Dataset excerpts

lemma is_ext_const_ext:
  assumes "\<alpha> + \<gamma> = 0" and "\<Delta> = 1"
  shows "is_ext \<alpha> \<Delta> \<gamma> (const_ext a0)"
proof -
  have \<alpha>: "\<alpha> = - \<gamma>" using assms(1) by (simp add: eq_neg_iff_add_eq_0)
  let ?D = "ext_D \<gamma> (const_ext a0)" and ?act = "ext_act \<alpha> \<Delta> (const_ext a0)"
  show ?thesis
    unfolding is_ext_def conformal_sv_module_def
  proof (intro conjI allI)
    fix x y :: elt
    show "?D (eadd x y) = eadd (?D x) (?D y)"
      by (rule elt_eqI) (simp_all add: ext_D_def const_ext_def eadd_def algebra_simps)
  next
    fix c and x :: elt
    show "?D (esc c x) = esc c (?D x)"
      by (rule elt_eqI) (simp_all add: ext_D_def const_ext_def esc_def algebra_simps)
  next
    fix s l and x y :: elt
    show "?act s l (eadd x y) = eadd (?act s l x) (?act s l y)"
      by (cases s; rule elt_eqI)
        (simp_all add: ext_act_def const_ext_def eadd_def algebra_simps poly_pcompose)
  next
    fix s l c and x :: elt
    show "?act s l (esc c x) = esc c (?act s l x)"
      by (cases s; rule elt_eqI)
        (simp_all add: ext_act_def const_ext_def esc_def algebra_simps poly_pcompose)
  next
    fix s l and x :: elt
    show "eadd (?D (?act s l x)) (esc (- 1) (?act s l (?D x))) = esc (- l) (?act s l x)"
      by (cases s; rule elt_eqI)
        (simp_all add: \<alpha> assms(2) ext_act_def ext_D_def const_ext_def esc_def eadd_def
          algebra_simps poly_pcompose)
  next
    fix s t l m and x :: elt
    show "eadd (?act s l (?act t m x)) (esc (- 1) (?act t m (?act s l x))) =
        (case sv_br s t of None \<Rightarrow> ezero
         | Some (c1, c2, z) \<Rightarrow> esc (c2 * l - c1 * (l + m)) (?act z (l + m) x))"
      by (cases s; cases t; rule elt_eqI)
        (simp_all add: \<alpha> assms(2) sv_br_def sv_gen_br_def ezero_def ext_act_def const_ext_def
          esc_def eadd_def algebra_simps poly_pcompose)
  qed
qed

lemma const_ext_nontrivial:
  assumes "a0 \<noteq> 0"
  shows "\<not> ext_trivial \<alpha> \<Delta> \<gamma> (const_ext a0)"
  unfolding const_ext_def
  using assms ext_trivial_imp_root[of \<alpha> \<Delta> \<gamma> "[:[:a0:]:]" 0 0 "[:a0:]"] by auto

lemma ext_diff_const_ext_trivial:
  assumes "\<alpha> + \<gamma> = 0" and "\<Delta> = 1" and "a0 \<noteq> 0" and "is_ext \<alpha> \<Delta> \<gamma> (f, g, h, a)"
  shows "ext_trivial \<alpha> \<Delta> \<gamma> (ext_diff (f, g, h, a) (poly a \<gamma> / a0) (const_ext a0))"
proof -
  let ?c = "poly a \<gamma> / a0"
  have "d_compatible \<alpha> \<Delta> \<gamma> (ext_diff (f, g, h, a) ?c (const_ext a0))"
    unfolding const_ext_def
    using assms(4) is_ext_const_ext[OF assms(1,2), of a0]
    by (intro d_compatible_ext_diff is_ext_imp_d_compatible) (simp_all add: const_ext_def)
  moreover have "ext_diff (f, g, h, a) ?c (const_ext a0) =
      (f - smult [:?c:] [:[:a0:]:], g - smult [:?c:] 0, h - smult [:?c:] 0, a - smult ?c [:a0:])"
    by (simp add: ext_diff_def const_ext_def)
  ultimately show ?thesis
    using assms(3) by (simp add: d_compatible_ext_trivial_iff)
qed

theorem theorem3p4:
  fixes \<alpha> \<gamma> \<Delta> :: complex
  assumes "\<Delta> \<noteq> 0"
  shows "((\<exists>X. is_ext \<alpha> \<Delta> \<gamma> X \<and> \<not> ext_trivial \<alpha> \<Delta> \<gamma> X) \<longleftrightarrow> (\<alpha> + \<gamma> = 0 \<and> \<Delta> = 1)) \<and>
         (\<alpha> + \<gamma> = 0 \<and> \<Delta> = 1 \<longrightarrow>
           (\<forall>a0. a0 \<noteq> 0 \<longrightarrow>
              is_ext \<alpha> \<Delta> \<gamma> (const_ext a0) \<and> \<not> ext_trivial \<alpha> \<Delta> \<gamma> (const_ext a0) \<and>
              (\<forall>X. is_ext \<alpha> \<Delta> \<gamma> X \<longrightarrow>
                 (\<exists>c. ext_trivial \<alpha> \<Delta> \<gamma> (ext_diff X c (const_ext a0))))))"
proof -
  have spanned: "\<exists>c. ext_trivial \<alpha> \<Delta> \<gamma> (ext_diff X c (const_ext a0))"
    if "\<alpha> + \<gamma> = 0" "\<Delta> = 1" "a0 \<noteq> 0" "is_ext \<alpha> \<Delta> \<gamma> X" for X a0
  proof -
    obtain f g h a where X: "X = (f, g, h, a)" by (cases X)
    show ?thesis
      using ext_diff_const_ext_trivial[OF that(1-3) that(4)[unfolded X]] unfolding X ..
  qed
  have "\<exists>X. is_ext \<alpha> \<Delta> \<gamma> X \<and> \<not> ext_trivial \<alpha> \<Delta> \<gamma> X" if "\<alpha> + \<gamma> = 0" "\<Delta> = 1"
    using is_ext_const_ext[OF that, of 1] const_ext_nontrivial[of 1]
    by (intro exI[of _ "const_ext 1"]) simp
  with nontrivial_ext_imp_parameters
  have "(\<exists>X. is_ext \<alpha> \<Delta> \<gamma> X \<and> \<not> ext_trivial \<alpha> \<Delta> \<gamma> X) \<longleftrightarrow> (\<alpha> + \<gamma> = 0 \<and> \<Delta> = 1)"
    by blast
  then show ?thesis
    using is_ext_const_ext const_ext_nontrivial spanned by simp
qed

end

* _Problem details_:
Every entry should be output again exactly as written.

* _Expected output_:
lemma is_ext_const_ext:
  assumes "\<alpha> + \<gamma> = 0" and "\<Delta> = 1"
  shows "is_ext \<alpha> \<Delta> \<gamma> (const_ext a0)"
proof -
  have \<alpha>: "\<alpha> = - \<gamma>" using assms(1) by (simp add: eq_neg_iff_add_eq_0)
  let ?D = "ext_D \<gamma> (const_ext a0)" and ?act = "ext_act \<alpha> \<Delta> (const_ext a0)"
  show ?thesis
    unfolding is_ext_def conformal_sv_module_def
  proof (intro conjI allI)
    fix x y :: elt
    show "?D (eadd x y) = eadd (?D x) (?D y)"
      by (rule elt_eqI) (simp_all add: ext_D_def const_ext_def eadd_def algebra_simps)
  next
    fix c and x :: elt
    show "?D (esc c x) = esc c (?D x)"
      by (rule elt_eqI) (simp_all add: ext_D_def const_ext_def esc_def algebra_simps)
  next
    fix s l and x y :: elt
    show "?act s l (eadd x y) = eadd (?act s l x) (?act s l y)"
      by (cases s; rule elt_eqI)
        (simp_all add: ext_act_def const_ext_def eadd_def algebra_simps poly_pcompose)
  next
    fix s l c and x :: elt
    show "?act s l (esc c x) = esc c (?act s l x)"
      by (cases s; rule elt_eqI)
        (simp_all add: ext_act_def const_ext_def esc_def algebra_simps poly_pcompose)
  next
    fix s l and x :: elt
    show "eadd (?D (?act s l x)) (esc (- 1) (?act s l (?D x))) = esc (- l) (?act s l x)"
      by (cases s; rule elt_eqI)
        (simp_all add: \<alpha> assms(2) ext_act_def ext_D_def const_ext_def esc_def eadd_def
          algebra_simps poly_pcompose)
  next
    fix s t l m and x :: elt
    show "eadd (?act s l (?act t m x)) (esc (- 1) (?act t m (?act s l x))) =
        (case sv_br s t of None \<Rightarrow> ezero
         | Some (c1, c2, z) \<Rightarrow> esc (c2 * l - c1 * (l + m)) (?act z (l + m) x))"
      by (cases s; cases t; rule elt_eqI)
        (simp_all add: \<alpha> assms(2) sv_br_def sv_gen_br_def ezero_def ext_act_def const_ext_def
          esc_def eadd_def algebra_simps poly_pcompose)
  qed
qed

lemma const_ext_nontrivial:
  assumes "a0 \<noteq> 0"
  shows "\<not> ext_trivial \<alpha> \<Delta> \<gamma> (const_ext a0)"
  unfolding const_ext_def
  using assms ext_trivial_imp_root[of \<alpha> \<Delta> \<gamma> "[:[:a0:]:]" 0 0 "[:a0:]"] by auto

lemma ext_diff_const_ext_trivial:
  assumes "\<alpha> + \<gamma> = 0" and "\<Delta> = 1" and "a0 \<noteq> 0" and "is_ext \<alpha> \<Delta> \<gamma> (f, g, h, a)"
  shows "ext_trivial \<alpha> \<Delta> \<gamma> (ext_diff (f, g, h, a) (poly a \<gamma> / a0) (const_ext a0))"
proof -
  let ?c = "poly a \<gamma> / a0"
  have "d_compatible \<alpha> \<Delta> \<gamma> (ext_diff (f, g, h, a) ?c (const_ext a0))"
    unfolding const_ext_def
    using assms(4) is_ext_const_ext[OF assms(1,2), of a0]
    by (intro d_compatible_ext_diff is_ext_imp_d_compatible) (simp_all add: const_ext_def)
  moreover have "ext_diff (f, g, h, a) ?c (const_ext a0) =
      (f - smult [:?c:] [:[:a0:]:], g - smult [:?c:] 0, h - smult [:?c:] 0, a - smult ?c [:a0:])"
    by (simp add: ext_diff_def const_ext_def)
  ultimately show ?thesis
    using assms(3) by (simp add: d_compatible_ext_trivial_iff)
qed

theorem theorem3p4:
  fixes \<alpha> \<gamma> \<Delta> :: complex
  assumes "\<Delta> \<noteq> 0"
  shows "((\<exists>X. is_ext \<alpha> \<Delta> \<gamma> X \<and> \<not> ext_trivial \<alpha> \<Delta> \<gamma> X) \<longleftrightarrow> (\<alpha> + \<gamma> = 0 \<and> \<Delta> = 1)) \<and>
         (\<alpha> + \<gamma> = 0 \<and> \<Delta> = 1 \<longrightarrow>
           (\<forall>a0. a0 \<noteq> 0 \<longrightarrow>
              is_ext \<alpha> \<Delta> \<gamma> (const_ext a0) \<and> \<not> ext_trivial \<alpha> \<Delta> \<gamma> (const_ext a0) \<and>
              (\<forall>X. is_ext \<alpha> \<Delta> \<gamma> X \<longrightarrow>
                 (\<exists>c. ext_trivial \<alpha> \<Delta> \<gamma> (ext_diff X c (const_ext a0))))))"
proof -
  have spanned: "\<exists>c. ext_trivial \<alpha> \<Delta> \<gamma> (ext_diff X c (const_ext a0))"
    if "\<alpha> + \<gamma> = 0" "\<Delta> = 1" "a0 \<noteq> 0" "is_ext \<alpha> \<Delta> \<gamma> X" for X a0
  proof -
    obtain f g h a where X: "X = (f, g, h, a)" by (cases X)
    show ?thesis
      using ext_diff_const_ext_trivial[OF that(1-3) that(4)[unfolded X]] unfolding X ..
  qed
  have "\<exists>X. is_ext \<alpha> \<Delta> \<gamma> X \<and> \<not> ext_trivial \<alpha> \<Delta> \<gamma> X" if "\<alpha> + \<gamma> = 0" "\<Delta> = 1"
    using is_ext_const_ext[OF that, of 1] const_ext_nontrivial[of 1]
    by (intro exI[of _ "const_ext 1"]) simp
  with nontrivial_ext_imp_parameters
  have "(\<exists>X. is_ext \<alpha> \<Delta> \<gamma> X \<and> \<not> ext_trivial \<alpha> \<Delta> \<gamma> X) \<longleftrightarrow> (\<alpha> + \<gamma> = 0 \<and> \<Delta> = 1)"
    by blast
  then show ?thesis
    using is_ext_const_ext const_ext_nontrivial spanned by simp
qed

end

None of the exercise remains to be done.